While the burgeoning Chinese language program provided the foundation for establishing the OU Confucius Institute, another crucial requirement was the number and type of available opportunities for strengthening ties between the University of Oklahoma and China. Perhaps the most well known is "Journey to China," a summer program in which 25 to 35 students experience four weeks in four different locations.
"The Journey to China program has given OU a presence and identity in China," explains Paul B. Bell Jr., dean of the OU College of Arts and Sciences and vice provost for instruction. "Many universities send students abroad with their own faculty, so the primary interactions are between English-speaking faculty and English-speaking students. They’re in a cultural cocoon. We immerse our students in Chinese culture and the local community—they live in Chinese dormitories with Chinese students and are instructed by Chinese faculty."

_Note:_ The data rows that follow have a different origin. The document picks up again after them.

lemma tensor_sqnorm_ht_le:
  assumes "mode_tree N T" "\<mu> \<in> T" "card \<mu> \<le> k"
  shows "tensor_sqnorm D \<mu> (ht k T R V \<mu> b)
     \<le> (col_norm D R V \<mu> b)\<^sup>2 * (\<Prod>\<sigma>\<in>subtree T \<mu> - {\<mu>}. (mat_norm N T D R V \<sigma>)\<^sup>2)"
  using assms(2,3)
proof (induction k arbitrary: \<mu> b)
  case 0
  then show ?case using mode_tree_nodeD[OF assms(1)] by simp
next
  case (Suc k)
  let ?M = "\<lambda>\<sigma>. (mat_norm N T D R V \<sigma>)\<^sup>2"
  show ?case
  proof (cases "is_singleton \<mu>")
    case True
    then obtain x where x: "\<mu> = {x}" unfolding is_singleton_def by blast
    have "tensor_sqnorm D \<mu> (ht (Suc k) T R V \<mu> b) = (col_norm D R V \<mu> b)\<^sup>2"
      using sum_PiE_singleton[of "\<lambda>y. (V \<mu> y b)\<^sup>2" x]
      by (simp add: tensor_sqnorm_def col_norm_sq rows_def x)
    then show ?thesis using subtree_singleton[OF assms(1) Suc.prems(1) True] by (simp del: ht.simps)
  next
    case False
    let ?C = "children T \<mu>"
    have \<mu>: "interior T \<mu>" using Suc.prems(1) False by (simp add: interior_def)
    have child_le: "(\<Sum>a<R \<mu>. tensor_sqnorm D c (ht k T R V c a)) \<le> (\<Prod>\<sigma>\<in>subtree T c. ?M \<sigma>)"
      if c: "c \<in> ?C" for c
    proof -
      have "c \<in> T" "c \<subset> \<mu>" using childrenD[OF c] by auto
      then have "card c < card \<mu>"
        using psubset_card_mono mode_tree_nodeD(3)[OF assms(1) Suc.prems(1)] by blast
      then have "card c \<le> k" using Suc.prems(2) by simp
      then have "(\<Sum>a<R \<mu>. tensor_sqnorm D c (ht k T R V c a))
          \<le> (\<Sum>a<cols N T D R c. (col_norm D R V c a)\<^sup>2 * (\<Prod>\<sigma>\<in>subtree T c - {c}. ?M \<sigma>))"
        unfolding cols_child[OF assms(1) \<mu> c] using \<open>c \<in> T\<close> by (intro sum_mono Suc.IH)
      also have "\<dots> = ?M c * (\<Prod>\<sigma>\<in>subtree T c - {c}. ?M \<sigma>)"
        by (simp add: mat_norm_sq_eq_sum_col_norm_sq sum_distrib_right)
      also have "\<dots> = (\<Prod>\<sigma>\<in>subtree T c. ?M \<sigma>)"
        using \<open>c \<in> T\<close> prod.remove[OF finite_subtree[OF assms(1)], of c c ?M]
        by (simp add: subtree_def)
      finally show ?thesis .
    qed
    have "tensor_sqnorm D \<mu> (ht (Suc k) T R V \<mu> b)
        \<le> (\<Sum>a<R \<mu>. (V \<mu> a b)\<^sup>2) * (\<Prod>c\<in>?C. \<Sum>a<R \<mu>. tensor_sqnorm D c (ht k T R V c a))"
      by (rule tensor_sqnorm_ht_Suc_le[OF assms(1) \<mu>])
    also have "\<dots> \<le> (col_norm D R V \<mu> b)\<^sup>2 * (\<Prod>c\<in>?C. \<Prod>\<sigma>\<in>subtree T c. ?M \<sigma>)"
      unfolding col_norm_sq rows_def if_not_P[OF False] using child_le
      by (intro mult_left_mono prod_mono) (auto simp: sum_nonneg tensor_sqnorm_nonneg)
    also have "(\<Prod>c\<in>?C. \<Prod>\<sigma>\<in>subtree T c. ?M \<sigma>) = (\<Prod>\<sigma>\<in>subtree T \<mu> - {\<mu>}. ?M \<sigma>)"
      unfolding proper_subtree_eq_Union_children[OF assms(1)]
      by (rule prod.UNION_disjoint[symmetric])
        (auto simp: finite_children[OF assms(1)] finite_subtree[OF assms(1)] subtree_children_disjoint[OF assms(1)])
    finally show ?thesis .
  qed
qed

Josh Woodward, who took the Journey to China in summer 2005, is one of more than 150 students who have participated in the program in its nine-year history.

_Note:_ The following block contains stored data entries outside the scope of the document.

lemma periodic_pair_comp:
  assumes sf: "source_free G" and per: "periodic_pair G l n"
    and e: "e \<in> arr G" "rng G e = src G l" "deg G e = deg G n"
  shows "\<exists>e'\<in>arr G. src G n = rng G e' \<and> comp G l e = comp G n e'"
proof -
  have l: "l \<in> arr G" and n: "n \<in> arr G" and src_ln: "src G l = src G n"
    and prefix_eq: "\<forall>x\<in>Zv G (src G l). prefix G l x = prefix G n x"
    using per unfolding periodic_pair_def by auto
  obtain x where x: "x \<in> inf_paths G" "x dzero (deg G e) = e"
    using extend_to_inf_path[OF sf e(1)] by blast
  have x0: "x dzero dzero = src G l"
    using rng_inf_path[OF x(1), of "deg G e"] x(2) e(2) by simp
  then have "prefix G l x = prefix G n x"
    using prefix_eq x(1) unfolding Zv_def by blast
  then have "comp G l (x dzero (deg G n)) = comp G n (x dzero (deg G l))"
    using prefix_init[OF l x(1) x0, of "deg G n"] prefix_init[OF n x(1), of "deg G l"] x0 src_ln
    by (simp add: dadd_commute)
  then show ?thesis
    using inf_path_arr[OF x(1), of dzero "deg G l"] rng_inf_path[OF x(1)] x0 src_ln x(2) e(3)
    by (intro bexI[of _ "x dzero (deg G l)"]) auto
qed

end

lemma AE_mem_imp_mem_if_diff_null:
  assumes "A \<in> sets M" "B \<in> sets M" "emeasure M (A - B) = 0"
  shows "AE x in M. x \<in> A \<longrightarrow> x \<in> B"
proof -
  have "A - B \<in> null_sets M"
    using assms by auto
  from AE_not_in[OF this] show ?thesis
    by eventually_elim auto
qed

lemma emeasure_symdiff_eq_0_iff_AE:
  assumes A: "A \<in> sets M" and B: "B \<in> sets M"
  shows "emeasure M (symdiff A B) = 0 \<longleftrightarrow> (AE x in M. x \<in> A \<longleftrightarrow> x \<in> B)"
proof -
  have S: "symdiff A B \<in> sets M"
    using A B unfolding symdiff_def by auto
  have "{x \<in> space M. \<not> (x \<in> A \<longleftrightarrow> x \<in> B)} = symdiff A B"
    using sets.sets_into_space[OF A] sets.sets_into_space[OF B] unfolding symdiff_def by auto
  from AE_iff_measurable[OF S this] show ?thesis
    by simp
qed

locale lambda_sbfs_space = k_graph G for G :: "('a, 'k::finite) kg" +
  fixes M :: "'x measure" and D :: "'a \<Rightarrow> 'x set" and tau :: "'a \<Rightarrow> 'x \<Rightarrow> 'x"
    and taum :: "('k \<Rightarrow> nat) \<Rightarrow> 'x \<Rightarrow> 'x"
  assumes lambda_sbfs: "lambda_sbfs M G D tau taum"
begin

abbreviation R :: "'a \<Rightarrow> 'x set" where
  "R \<equiv> Rset D tau"

lemma sets_D: "l \<in> arr G \<Longrightarrow> D l \<in> sets M"
  and sets_tau_image: "l \<in> arr G \<Longrightarrow> A \<in> sets M \<Longrightarrow> A \<subseteq> D l \<Longrightarrow> tau l ` A \<in> sets M"
  and measurable_tau: "l \<in> arr G \<Longrightarrow> tau l \<in> measurable (restrict_space M (D l)) M"
  using lambda_sbfs unfolding lambda_sbfs_def sbfs_deg_def by blast+

lemma tau_density:
  assumes "l \<in> arr G"
  obtains f where "f \<in> borel_measurable M" "AE x in M. x \<in> D l \<longrightarrow> 0 < f x"
    and "\<And>A. A \<in> sets M \<Longrightarrow> A \<subseteq> D l \<Longrightarrow> emeasure M (tau l ` A) = set_nn_integral M A f"
proof -
  have "\<exists>f\<in>borel_measurable M. (AE x in M. x \<in> D l \<longrightarrow> 0 < f x) \<and>
      (\<forall>A\<in>sets M. A \<subseteq> D l \<longrightarrow> emeasure M (tau l ` A) = set_nn_integral M A f)"
    using lambda_sbfs assms unfolding lambda_sbfs_def sbfs_deg_def by blast
  then show thesis
    using that by blast
qed

lemma sets_R: "l \<in> arr G \<Longrightarrow> R l \<in> sets M"
  unfolding Rset_def using sets_tau_image sets_D by blast

lemma emeasure_R_Int_R:
  "l \<in> arr G \<Longrightarrow> n \<in> arr G \<Longrightarrow> deg G l = deg G n \<Longrightarrow> l \<noteq> n \<Longrightarrow> emeasure M (R l \<inter> R n) = 0"
  using lambda_sbfs unfolding lambda_sbfs_def sbfs_deg_def by metis

lemma emeasure_uncovered: "emeasure M (space M - (\<Union>l\<in>{l \<in> arr G. deg G l = p}. R l)) = 0"
  using lambda_sbfs unfolding lambda_sbfs_def sbfs_deg_def by blast

lemma tau_vert: "v \<in> vert G \<Longrightarrow> x \<in> D v \<Longrightarrow> tau v x = x"
  using lambda_sbfs unfolding lambda_sbfs_def by blast

lemma emeasure_R_diff_D:
    "l \<in> arr G \<Longrightarrow> n \<in> arr G \<Longrightarrow> rng G n = src G l \<Longrightarrow> emeasure M (R n - D l) = 0"
  and emeasure_symdiff_D_comp:
    "l \<in> arr G \<Longrightarrow> n \<in> arr G \<Longrightarrow> rng G n = src G l \<Longrightarrow> emeasure M (symdiff (D n) (D (comp G l n))) = 0"
  and AE_tau_comp:
    "l \<in> arr G \<Longrightarrow> n \<in> arr G \<Longrightarrow> rng G n = src G l \<Longrightarrow>
      AE x in M. x \<in> D n \<longrightarrow> tau l (tau n x) = tau (comp G l n) x"
  using lambda_sbfs unfolding lambda_sbfs_def by blast+

lemma null_sets_tau_image:
  assumes l: "l \<in> arr G" and N: "N \<in> null_sets M" "N \<subseteq> D l"
  shows "tau l ` N \<in> null_sets M"
proof -
  obtain f where "\<And>A. A \<in> sets M \<Longrightarrow> A \<subseteq> D l \<Longrightarrow> emeasure M (tau l ` A) = set_nn_integral M A f"
    using tau_density[OF l] by blast
  then have "emeasure M (tau l ` N) = 0"
    using N(2) null_setsD2[OF N(1)] nn_integral_null_set[OF N(1)] by simp
  then show ?thesis
    using sets_tau_image[OF l _ N(2)] N(1) by auto
qed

"We started in Xi’an, the ancient capital of China, where we learned ‘survival Mandarin’ and got some basic history of and orientation to the culture," says Woodward, who graduated summa cum laude from OU in May 2006 with a double major in economics and marketing and currently is employed in the University’s Honors College Leadership Center and the Center for the Creation of Economic Wealth.

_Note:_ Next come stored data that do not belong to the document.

(* Let $M$ be a left $R$-module which is semi-projective and $\pi$-projective, and let $S = \operatorname{End}_R(M)$ with Jacobson radical $\operatorname{Jac}(S)$. Then $S/\operatorname{Jac}(S)$ is von Neumann regular if and only if for each $f \in S$ the submodule $\operatorname{Im}(f)$ has a weak supplement in $M$.
   Context: Endomorphisms are written on the right of their arguments, so for $s,f\in S$ the product $sf$ means first $s$ then $f$, and $\operatorname{Hom}_R(M,N)$ is a left $S$-module for each submodule $N\subseteq M$ (viewed as a subset of $S$). $M$ is semi-projective if $Sf = \operatorname{Hom}_R(M, \operatorname{Im}(f))$ for every $f \in S$. $M$ is $\pi$-projective if for all submodules $N, L$ of $M$ with $M = N + L$ one has $S = \operatorname{Hom}_R(M,N) + \operatorname{Hom}_R(M,L)$. A submodule $N$ of $M$ is small in $M$ if $N + L \neq M$ for every proper submodule $L$ of $M$. A submodule $L$ of $M$ is a weak supplement of a submodule $N$ if $N + L = M$ and $N \cap L$ is small in $M$. *)

theory Defs
  imports "HOL-Algebra.Module" "HOL-Algebra.QuotRing"
begin

text \<open>Left modules over an arbitrary (not necessarily commutative) ring R.
  The library locale module requires a commutative ring, so we state the
  same axioms over a ring.\<close>

locale left_module = R?: ring R + M?: abelian_group M
  for R :: "('a, 'c) ring_scheme" and M :: "('a, 'b, 'd) module_scheme" (structure) +
  assumes smult_closed:
      "\<lbrakk>a \<in> carrier R; x \<in> carrier M\<rbrakk> \<Longrightarrow> a \<odot>\<^bsub>M\<^esub> x \<in> carrier M"
    and smult_l_distr:
      "\<lbrakk>a \<in> carrier R; b \<in> carrier R; x \<in> carrier M\<rbrakk> \<Longrightarrow>
      (a \<oplus>\<^bsub>R\<^esub> b) \<odot>\<^bsub>M\<^esub> x = a \<odot>\<^bsub>M\<^esub> x \<oplus>\<^bsub>M\<^esub> b \<odot>\<^bsub>M\<^esub> x"
    and smult_r_distr:
      "\<lbrakk>a \<in> carrier R; x \<in> carrier M; y \<in> carrier M\<rbrakk> \<Longrightarrow>
      a \<odot>\<^bsub>M\<^esub> (x \<oplus>\<^bsub>M\<^esub> y) = a \<odot>\<^bsub>M\<^esub> x \<oplus>\<^bsub>M\<^esub> a \<odot>\<^bsub>M\<^esub> y"
    and smult_assoc1:
      "\<lbrakk>a \<in> carrier R; b \<in> carrier R; x \<in> carrier M\<rbrakk> \<Longrightarrow>
      (a \<otimes>\<^bsub>R\<^esub> b) \<odot>\<^bsub>M\<^esub> x = a \<odot>\<^bsub>M\<^esub> (b \<odot>\<^bsub>M\<^esub> x)"
    and smult_one:
      "x \<in> carrier M \<Longrightarrow> \<one>\<^bsub>R\<^esub> \<odot>\<^bsub>M\<^esub> x = x"

definition End_carrier :: "('a, 'c) ring_scheme \<Rightarrow> ('a, 'b, 'd) module_scheme \<Rightarrow> ('b \<Rightarrow> 'b) set"
  where "End_carrier R M = {f.
      (\<forall>x\<in>carrier M. f x \<in> carrier M)
    \<and> (\<forall>x\<in>carrier M. \<forall>y\<in>carrier M. f (x \<oplus>\<^bsub>M\<^esub> y) = f x \<oplus>\<^bsub>M\<^esub> f y)
    \<and> (\<forall>a\<in>carrier R. \<forall>x\<in>carrier M. f (a \<odot>\<^bsub>M\<^esub> x) = a \<odot>\<^bsub>M\<^esub> f x)
    \<and> (\<forall>x. x \<notin> carrier M \<longrightarrow> f x = undefined)}"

The group then traveled south to Kunming, where they studied environmental, economic and cultural issues, followed by a week at Beijing University, where the curriculum focused on politics. "It was especially fun for me to see Beijing because one of my OU Cousins (international student friendship program) lives there, and I was able to meet his family," says Woodward. "It was incredible to be able to see him in his own environment after he’d seen me and my family in ours."
The last leg of the memorable trip was in Shanghai, the country’s commercial center. "We learned about foreign investment in China, emerging markets and economic development," Woodward recalls. "In Shanghai, they’re finishing a skyscraper every fourth day. Twenty years ago there were fewer than 20 in the city; now there are 4,000. Half the world’s concrete was poured in China last year. They run out of metal scaffolding all the time and start strapping bamboo together to continue the process."
Lesser known than Journey to China but just as life changing, is a two-week summer course called Chinese Architecture.
Caroline Cochran, an OU alumna who earned bachelor’s degrees in mechanical engineering and economics with honors in 2006, was one of roughly 20 students who took the course this past summer. The experience, she says, was way beyond what she had anticipated.
"I’ve been to Europe several times and to Honduras, so I’ve traveled quite a bit. But the non-Western culture really is something very foreign to us," explains Cochran, who works alongside Woodward as Internship Program administrator for the Center for the Creation of Economic Wealth. "At the time I went to China, I happened to be reading [German philosopher Friedrich] Nietzsche’s Beyond Good and Evil, in which he wrote about the Eastern idea of not getting beyond black and white, right and wrong. It’s an interesting philosophy, but in China I saw the people living it. They have a different way of life, a different way of doing things. Reading it at that time really heightened the whole China experience for me.
"I’ve already told a lot of people that they really need to go to China," she adds, "and I hope to return some day."